→ **Try it**
Wherever the listing has a line with the string "moreover", copy that line out.

→ **Provided entries**

text \<open>The witness is \<open>t' = - \<phi> (- t)\<close>: the map \<open>\<phi>\<close> sends \<open>\<mu>1 c - (- t)\<close> to \<open>\<mu>2 c - \<phi> (- t)\<close>
  and preserves the integer parts and the order of fractional parts of such differences.\<close>

lemma same_region_delay:
  fixes A :: "('s, 'c::finite, 'l) ta"
  assumes "same_region A \<mu>1 \<mu>2" "t \<ge> 0"
  obtains t' where "t' \<ge> 0" "same_region A (\<lambda>c. \<mu>1 c + t) (\<lambda>c. \<mu>2 c + t')"
proof -
  obtain \<phi> where \<phi>: "strict_mono \<phi>" "\<And>a k. \<phi> (a + of_int k) = \<phi> a + of_int k"
    "\<phi> 0 = 0" "\<And>c. \<mu>1 c \<le> kappa A c \<Longrightarrow> \<phi> (\<mu>1 c) = \<mu>2 c"
    using same_region_equivariant_map[OF assms(1)] by blast
  define t' where "t' = - \<phi> (- t)"
  have "t' \<ge> 0"
    unfolding t'_def using strict_mono_less_eq[OF \<phi>(1), of "- t" 0] \<phi>(3) assms(2) by simp
  have diff: "\<mu>2 c + t' = \<phi> (\<mu>1 c) - \<phi> (- t)" if "\<mu>1 c \<le> kappa A c" for c
    unfolding t'_def using \<phi>(4)[OF that] by simp
  have floor_eq: "\<lfloor>\<mu>1 c + t\<rfloor> = \<lfloor>\<mu>2 c + t'\<rfloor>"
    and frac_eq_0: "frac (\<mu>1 c + t) = 0 \<longleftrightarrow> frac (\<mu>2 c + t') = 0"
    if "\<mu>1 c \<le> kappa A c" for c
    using equivariant_floor_diff[OF \<phi>(1,2), of "\<mu>1 c" "- t"]
      equivariant_frac_diff_eq_0_iff[OF \<phi>(1,2), of "\<mu>1 c" "- t"] diff[OF that]
    by simp_all
  have frac_le: "frac (\<mu>1 c + t) \<le> frac (\<mu>1 d + t) \<longleftrightarrow> frac (\<mu>2 c + t') \<le> frac (\<mu>2 d + t')"
    if "\<mu>1 c \<le> kappa A c" "\<mu>1 d \<le> kappa A d" for c d
    using equivariant_frac_diff_le_iff[OF \<phi>(1,2), of "\<mu>1 c" "- t" "\<mu>1 d"] diff[OF that(1)] diff[OF that(2)]
    by simp
  have bounded: "\<mu>1 c + t \<le> kappa A c \<longleftrightarrow> \<mu>2 c + t' \<le> kappa A c" for c
  proof (cases "\<mu>1 c \<le> kappa A c")
    case True
    obtain n :: nat where "kappa A c = real n"
      using kappa_eq_nat[of A c] by blast
    with cmp_sat_floor_frac_cong[OF floor_eq[OF True] frac_eq_0[OF True], of Le n] show ?thesis
      by simp
  next
    case False
    then have "\<mu>2 c > kappa A c"
      using assms(1) unfolding same_region_def by auto
    with False show ?thesis
      using assms(2) \<open>t' \<ge> 0\<close> by auto
  qed
  have "\<mu>1 c \<le> kappa A c" if "\<mu>1 c + t \<le> kappa A c" for c
    using that assms(2) by linarith
  with bounded floor_eq frac_eq_0 frac_le have "same_region A (\<lambda>c. \<mu>1 c + t) (\<lambda>c. \<mu>2 c + t')"
    unfolding same_region_def by blast
  with \<open>t' \<ge> 0\<close> that show ?thesis
    by blast
qed

section \<open>Continuations of reached configurations\<close>

lemma region_word_of_vw_Cons:
  "region_word_of A (vw ((\<sigma>, v, b) # \<gamma>)) = (\<sigma>, region_of A v) # region_word_of A (vw \<gamma>)"
  unfolding region_word_of_def vw_def by simp

lemma region_word_of_vw_eq_Nil_iff: "region_word_of A (vw \<gamma>) = [] \<longleftrightarrow> \<gamma> = []"
  unfolding region_word_of_def vw_def by simp

lemma runp_region_simulation:
  fixes A :: "('s, 'c::finite, 'l) ta"
  assumes "runp A l \<mu>1 w ts \<alpha> l'" "finite (trans A)" "same_region A \<mu>1 \<mu>2"
  shows "\<exists>w2 \<beta>. runp A l \<mu>2 w2 ts \<beta> l' \<and> region_word_of A (vw \<alpha>) = region_word_of A (vw \<beta>)"
  using assms(1,3)
proof (induction arbitrary: \<mu>2 rule: runp.induct)
  case (run_nil l \<nu>)
  show ?case
    using runp.run_nil[of A l \<mu>2] by blast
next
  case (run_step l \<sigma> \<phi> B l'' t v \<nu> w ts \<gamma> l')
  obtain t' where "t' \<ge> 0" and delayed: "same_region A (\<lambda>c. \<nu> c + t) (\<lambda>c. \<mu>2 c + t')"
    using same_region_delay[OF run_step.prems run_step.hyps(2)] by blast
  define v' where "v' = (\<lambda>c. \<mu>2 c + t')"
  have "same_region A v v'"
    using delayed unfolding v'_def run_step.hyps(3) .
  then have "sat v' \<phi>"
    using sat_same_region[OF assms(2) run_step.hyps(1)] run_step.hyps(4) by blast
  obtain w2 \<beta> where "runp A l'' (\<lambda>c. if c \<in> B then 0 else v' c) w2 ts \<beta> l'"
    and "region_word_of A (vw \<gamma>) = region_word_of A (vw \<beta>)"
    using run_step.IH same_region_reset[OF \<open>same_region A v v'\<close>] by blast
  moreover have "region_of A v = region_of A v'"
    using \<open>same_region A v v'\<close> region_of_eq_iff by blast
  ultimately show ?case
    using runp.run_step[OF run_step.hyps(1) \<open>t' \<ge> 0\<close> v'_def \<open>sat v' \<phi>\<close>]
    by (intro exI[of _ "(\<sigma>, t') # w2"] exI[of _ "(\<sigma>, v', \<lambda>c. c \<in> B) # \<beta>"])
      (simp add: region_word_of_vw_Cons)
qed

text \<open>Induction along the continuations: the first transition of one is enabled at the first
  valuation of the other, since guards are unions of regions, so by determinism both continuations
  take the same transition.\<close>

lemma dta_region_word_determines_continuation:
  fixes A :: "('s::finite, 'c::finite, 'l) ta"
  assumes dta: "is_DTA A" and "reaches A \<gamma>1 l" "reaches A \<gamma>2 l"
    and "runp A l (final_val (\<lambda>_. 0) \<gamma>1) w1 ts1 \<alpha>1 l1"
    and "runp A l (final_val (\<lambda>_. 0) \<gamma>2) w2 ts2 \<alpha>2 l2"
    and "region_word_of A (vw \<alpha>1) = region_word_of A (vw \<alpha>2)"
  shows "resets \<alpha>1 = resets \<alpha>2 \<and> l1 = l2"
  using assms(2-)
proof (induction \<alpha>1 arbitrary: \<gamma>1 \<gamma>2 l w1 ts1 \<alpha>2 w2 ts2)
  case Nil
  then have "\<alpha>2 = []"
    using region_word_of_vw_eq_Nil_iff by metis
  with Nil show ?case
    by (auto simp: resets_def elim: runp_NilE)
next
  case (Cons x1 \<alpha>1)
  have finite_trans: "finite (trans A)"
    using dta unfolding is_DTA_def wf_ta_def by blast
  obtain x2 \<alpha>2' where \<alpha>2: "\<alpha>2 = x2 # \<alpha>2'"
    using Cons.prems(5) by (cases \<alpha>2) (auto simp: region_word_of_def vw_def)
  from Cons.prems(3) show ?case
  proof (cases rule: runp_ConsE)
    case (step \<sigma> \<phi>1 B1 l1' t1 w1' ts1')
    note step1 = step
    from Cons.prems(4)[unfolded \<alpha>2] show ?thesis
    proof (cases rule: runp_ConsE)
      case (step \<sigma>2 \<phi>2 B2 l2' t2 w2' ts2')
      note step2 = step
      let ?v1 = "\<lambda>c. final_val (\<lambda>_. 0) \<gamma>1 c + t1" and ?v2 = "\<lambda>c. final_val (\<lambda>_. 0) \<gamma>2 c + t2"
      have "\<sigma>2 = \<sigma>" "region_of A ?v1 = region_of A ?v2"
        using Cons.prems(5) step1 step2 unfolding \<alpha>2
        by (simp_all add: region_word_of_vw_Cons)
      then have "sat ?v2 \<phi>1"
        using sat_same_region[OF finite_trans step1(4)] step1(6) region_of_eq_iff by blast
      moreover have "(l, \<sigma>, \<phi>2, B2, l2') \<in> trans A"
        using step2(4) \<open>\<sigma>2 = \<sigma>\<close> by simp
      ultimately have "B1 = B2" "l1' = l2'"
        using dta_enabled_transition_unique[OF dta Cons.prems(2) step2(5) step1(4)] step2(6)
        by blast+
      have "runp A l (final_val (\<lambda>_. 0) \<gamma>1) [(\<sigma>, t1)] [(l, \<sigma>, \<phi>1, B1, l1')] [x1] l1'"
        "runp A l (final_val (\<lambda>_. 0) \<gamma>2) [(\<sigma>, t2)] [(l, \<sigma>, \<phi>2, B2, l2')] [x2] l2'"
        using runp_single step1 step2 \<open>\<sigma>2 = \<sigma>\<close> by simp_all
      then have "reaches A (\<gamma>1 @ [x1]) l1'" "reaches A (\<gamma>2 @ [x2]) l1'"
        using Cons.prems(1,2) \<open>l1' = l2'\<close> unfolding reaches_append_iff by blast+
      moreover have "final_val (\<lambda>_. 0) (\<gamma>1 @ [x1]) = (\<lambda>c. if c \<in> B1 then 0 else ?v1 c)"
        "final_val (\<lambda>_. 0) (\<gamma>2 @ [x2]) = (\<lambda>c. if c \<in> B2 then 0 else ?v2 c)"
        using step1 step2 by (simp_all add: final_val_append)
      moreover have "region_word_of A (vw \<alpha>1) = region_word_of A (vw \<alpha>2')"
        using Cons.prems(5) step1 step2 unfolding \<alpha>2 by (simp add: region_word_of_vw_Cons)
      ultimately have "resets \<alpha>1 = resets \<alpha>2' \<and> l1 = l2"
        using Cons.IH step1 step2 \<open>l1' = l2'\<close> by simp
      with step1 step2 \<open>B1 = B2\<close> show ?thesis
        unfolding \<alpha>2 resets_def by simp
    qed
  qed
qed

definition reached_config :: "('s, 'c, 'l) ta \<Rightarrow> ('s, 'c) rcword \<Rightarrow> ('l \<times> ('c \<Rightarrow> real) set) set" where
  "reached_config A \<gamma> = {(l, region_of A (final_val (\<lambda>_. 0) \<gamma>)) | l. reaches A \<gamma> l}"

→ **Result of this exercise**
  moreover have "region_of A v = region_of A v'"
      moreover have "(l, \<sigma>, \<phi>2, B2, l2') \<in> trans A"
      moreover have "final_val (\<lambda>_. 0) (\<gamma>1 @ [x1]) = (\<lambda>c. if c \<in> B1 then 0 else ?v1 c)"
      moreover have "region_word_of A (vw \<alpha>1) = region_word_of A (vw \<alpha>2')"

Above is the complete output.